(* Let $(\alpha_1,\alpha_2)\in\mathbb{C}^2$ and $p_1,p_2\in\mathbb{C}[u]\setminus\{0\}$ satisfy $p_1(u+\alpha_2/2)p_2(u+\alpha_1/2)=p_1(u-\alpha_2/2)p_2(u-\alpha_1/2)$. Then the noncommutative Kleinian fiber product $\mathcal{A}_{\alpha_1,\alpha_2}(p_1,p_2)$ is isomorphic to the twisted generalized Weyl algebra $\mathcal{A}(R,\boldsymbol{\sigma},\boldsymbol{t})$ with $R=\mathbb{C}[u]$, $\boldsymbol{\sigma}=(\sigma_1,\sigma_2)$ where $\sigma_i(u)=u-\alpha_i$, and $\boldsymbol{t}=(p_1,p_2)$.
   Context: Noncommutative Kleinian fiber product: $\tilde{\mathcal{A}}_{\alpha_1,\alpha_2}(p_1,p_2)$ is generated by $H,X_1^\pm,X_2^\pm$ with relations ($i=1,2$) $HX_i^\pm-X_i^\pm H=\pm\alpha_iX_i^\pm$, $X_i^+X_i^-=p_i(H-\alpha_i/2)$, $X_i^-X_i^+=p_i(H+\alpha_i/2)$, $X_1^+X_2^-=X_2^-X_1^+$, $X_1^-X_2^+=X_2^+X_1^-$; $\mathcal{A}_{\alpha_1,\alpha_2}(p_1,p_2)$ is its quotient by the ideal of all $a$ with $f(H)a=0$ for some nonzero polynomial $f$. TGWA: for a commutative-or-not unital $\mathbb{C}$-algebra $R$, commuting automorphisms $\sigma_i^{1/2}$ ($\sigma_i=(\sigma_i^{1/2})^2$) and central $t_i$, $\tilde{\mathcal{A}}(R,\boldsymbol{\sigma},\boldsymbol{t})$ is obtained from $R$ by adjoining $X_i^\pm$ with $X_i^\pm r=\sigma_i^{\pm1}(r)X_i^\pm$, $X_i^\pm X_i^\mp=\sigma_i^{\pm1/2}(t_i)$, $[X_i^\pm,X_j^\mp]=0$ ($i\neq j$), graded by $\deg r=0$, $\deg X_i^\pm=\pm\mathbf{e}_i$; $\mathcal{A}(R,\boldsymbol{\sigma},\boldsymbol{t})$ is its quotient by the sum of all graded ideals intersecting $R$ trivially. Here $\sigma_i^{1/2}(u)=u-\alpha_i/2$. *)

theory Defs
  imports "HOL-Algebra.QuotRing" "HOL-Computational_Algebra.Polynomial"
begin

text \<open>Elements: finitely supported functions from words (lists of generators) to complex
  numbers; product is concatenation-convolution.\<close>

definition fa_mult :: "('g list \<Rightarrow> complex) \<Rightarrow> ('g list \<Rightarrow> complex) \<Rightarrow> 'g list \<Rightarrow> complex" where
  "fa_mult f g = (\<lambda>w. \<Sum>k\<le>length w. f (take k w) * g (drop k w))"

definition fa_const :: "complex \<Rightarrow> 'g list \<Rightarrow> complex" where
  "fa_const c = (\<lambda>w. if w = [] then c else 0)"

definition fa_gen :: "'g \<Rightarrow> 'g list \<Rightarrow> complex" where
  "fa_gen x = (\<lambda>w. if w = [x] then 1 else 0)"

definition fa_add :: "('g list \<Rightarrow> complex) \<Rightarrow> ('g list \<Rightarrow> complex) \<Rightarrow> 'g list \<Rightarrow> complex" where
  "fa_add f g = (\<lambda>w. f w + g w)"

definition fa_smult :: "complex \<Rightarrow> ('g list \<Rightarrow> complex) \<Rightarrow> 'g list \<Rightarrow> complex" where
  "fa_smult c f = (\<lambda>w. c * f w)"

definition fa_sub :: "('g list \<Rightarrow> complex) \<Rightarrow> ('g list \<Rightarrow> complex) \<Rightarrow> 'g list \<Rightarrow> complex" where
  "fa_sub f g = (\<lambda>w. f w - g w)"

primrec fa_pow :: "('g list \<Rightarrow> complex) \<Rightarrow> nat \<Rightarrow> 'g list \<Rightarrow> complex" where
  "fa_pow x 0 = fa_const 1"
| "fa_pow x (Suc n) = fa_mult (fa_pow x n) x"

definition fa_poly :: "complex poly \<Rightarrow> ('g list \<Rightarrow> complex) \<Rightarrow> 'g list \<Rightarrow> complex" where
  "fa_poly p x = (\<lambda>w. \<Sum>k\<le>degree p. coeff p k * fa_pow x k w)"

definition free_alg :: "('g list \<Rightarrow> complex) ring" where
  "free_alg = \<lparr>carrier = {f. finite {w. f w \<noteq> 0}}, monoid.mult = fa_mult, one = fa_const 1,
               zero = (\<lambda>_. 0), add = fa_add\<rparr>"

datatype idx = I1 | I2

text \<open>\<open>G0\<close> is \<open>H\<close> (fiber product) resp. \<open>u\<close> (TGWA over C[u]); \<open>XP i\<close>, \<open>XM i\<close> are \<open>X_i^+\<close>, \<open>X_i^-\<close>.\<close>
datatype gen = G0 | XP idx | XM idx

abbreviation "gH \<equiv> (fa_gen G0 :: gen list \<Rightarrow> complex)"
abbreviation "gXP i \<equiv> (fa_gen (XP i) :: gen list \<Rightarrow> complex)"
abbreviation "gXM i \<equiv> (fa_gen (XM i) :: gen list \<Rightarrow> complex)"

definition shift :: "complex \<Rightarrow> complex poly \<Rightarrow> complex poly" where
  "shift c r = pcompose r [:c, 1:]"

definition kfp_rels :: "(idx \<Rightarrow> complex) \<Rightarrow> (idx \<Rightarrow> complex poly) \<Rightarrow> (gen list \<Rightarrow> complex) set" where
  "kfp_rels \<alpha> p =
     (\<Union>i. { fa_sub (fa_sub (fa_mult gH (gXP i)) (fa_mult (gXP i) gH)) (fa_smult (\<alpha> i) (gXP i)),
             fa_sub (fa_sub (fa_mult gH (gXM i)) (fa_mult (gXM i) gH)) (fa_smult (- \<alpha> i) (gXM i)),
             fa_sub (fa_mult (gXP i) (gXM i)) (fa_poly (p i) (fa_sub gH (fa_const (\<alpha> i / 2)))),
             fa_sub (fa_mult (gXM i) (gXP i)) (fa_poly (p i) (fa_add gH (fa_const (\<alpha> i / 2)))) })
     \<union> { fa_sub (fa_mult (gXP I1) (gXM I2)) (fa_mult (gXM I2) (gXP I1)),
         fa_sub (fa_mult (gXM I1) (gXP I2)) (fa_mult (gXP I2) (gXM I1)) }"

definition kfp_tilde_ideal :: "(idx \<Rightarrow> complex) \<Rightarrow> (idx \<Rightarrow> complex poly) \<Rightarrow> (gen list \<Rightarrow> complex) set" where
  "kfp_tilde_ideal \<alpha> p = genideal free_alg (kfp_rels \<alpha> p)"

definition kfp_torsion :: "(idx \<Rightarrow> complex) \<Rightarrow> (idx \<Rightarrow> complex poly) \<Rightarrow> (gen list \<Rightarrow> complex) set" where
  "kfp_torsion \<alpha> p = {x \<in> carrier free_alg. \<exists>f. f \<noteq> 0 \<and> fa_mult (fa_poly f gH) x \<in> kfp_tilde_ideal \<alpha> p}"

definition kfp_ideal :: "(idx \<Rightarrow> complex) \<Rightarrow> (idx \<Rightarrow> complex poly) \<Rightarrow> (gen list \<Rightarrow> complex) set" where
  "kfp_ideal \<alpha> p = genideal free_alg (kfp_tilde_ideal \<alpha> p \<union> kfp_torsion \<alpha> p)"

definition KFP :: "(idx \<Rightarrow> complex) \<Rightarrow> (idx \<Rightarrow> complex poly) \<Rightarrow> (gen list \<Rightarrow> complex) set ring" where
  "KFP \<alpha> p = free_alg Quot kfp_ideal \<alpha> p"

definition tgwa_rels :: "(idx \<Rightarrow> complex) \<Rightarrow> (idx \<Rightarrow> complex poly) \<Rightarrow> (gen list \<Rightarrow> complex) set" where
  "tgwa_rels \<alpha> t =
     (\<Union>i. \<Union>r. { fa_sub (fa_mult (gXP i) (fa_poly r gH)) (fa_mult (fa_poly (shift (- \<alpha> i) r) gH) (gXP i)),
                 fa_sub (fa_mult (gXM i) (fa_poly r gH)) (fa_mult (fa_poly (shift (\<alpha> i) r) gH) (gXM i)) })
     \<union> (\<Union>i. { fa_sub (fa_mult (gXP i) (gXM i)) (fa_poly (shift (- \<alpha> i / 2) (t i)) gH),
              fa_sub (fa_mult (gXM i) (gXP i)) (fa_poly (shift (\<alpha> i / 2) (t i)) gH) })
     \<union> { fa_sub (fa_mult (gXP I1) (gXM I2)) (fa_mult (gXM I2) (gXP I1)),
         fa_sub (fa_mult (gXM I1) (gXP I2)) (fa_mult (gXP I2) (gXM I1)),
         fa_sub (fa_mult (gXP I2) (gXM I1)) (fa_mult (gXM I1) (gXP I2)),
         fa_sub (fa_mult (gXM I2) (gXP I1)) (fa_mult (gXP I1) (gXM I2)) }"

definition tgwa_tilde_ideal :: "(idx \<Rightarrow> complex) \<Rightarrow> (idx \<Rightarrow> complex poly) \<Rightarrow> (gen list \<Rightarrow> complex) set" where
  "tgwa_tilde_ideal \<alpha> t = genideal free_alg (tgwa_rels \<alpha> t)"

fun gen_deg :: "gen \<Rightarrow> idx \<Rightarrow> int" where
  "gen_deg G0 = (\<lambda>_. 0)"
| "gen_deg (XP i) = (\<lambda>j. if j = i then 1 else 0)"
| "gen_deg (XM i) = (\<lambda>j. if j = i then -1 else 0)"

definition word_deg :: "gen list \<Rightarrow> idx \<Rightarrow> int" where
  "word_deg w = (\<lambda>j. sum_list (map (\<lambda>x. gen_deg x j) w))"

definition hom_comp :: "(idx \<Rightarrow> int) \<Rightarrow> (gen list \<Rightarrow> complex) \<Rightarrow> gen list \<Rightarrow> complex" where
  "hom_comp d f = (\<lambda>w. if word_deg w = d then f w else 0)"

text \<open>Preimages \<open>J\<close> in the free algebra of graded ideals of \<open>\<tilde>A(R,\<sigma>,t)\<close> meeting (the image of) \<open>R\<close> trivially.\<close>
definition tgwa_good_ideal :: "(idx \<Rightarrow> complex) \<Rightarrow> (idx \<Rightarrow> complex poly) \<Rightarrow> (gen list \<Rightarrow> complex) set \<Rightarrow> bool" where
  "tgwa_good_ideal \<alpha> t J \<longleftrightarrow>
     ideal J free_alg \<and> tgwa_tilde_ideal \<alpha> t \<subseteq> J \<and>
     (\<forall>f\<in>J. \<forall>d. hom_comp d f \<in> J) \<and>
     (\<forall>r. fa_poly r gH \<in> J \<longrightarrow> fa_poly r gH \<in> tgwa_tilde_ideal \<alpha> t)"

• • • • •

● THE TASK:
Give back, unchanged, the run of lines in the listing above that begins at the line containing "(\<lambda>w. f w - g" and ends at the line containing "n) = fa_mult", both included.

● ANSWER SPACE:
  "fa_sub f g = (\<lambda>w. f w - g w)"

primrec fa_pow :: "('g list \<Rightarrow> complex) \<Rightarrow> nat \<Rightarrow> 'g list \<Rightarrow> complex" where
  "fa_pow x 0 = fa_const 1"
| "fa_pow x (Suc n) = fa_mult (fa_pow x n) x"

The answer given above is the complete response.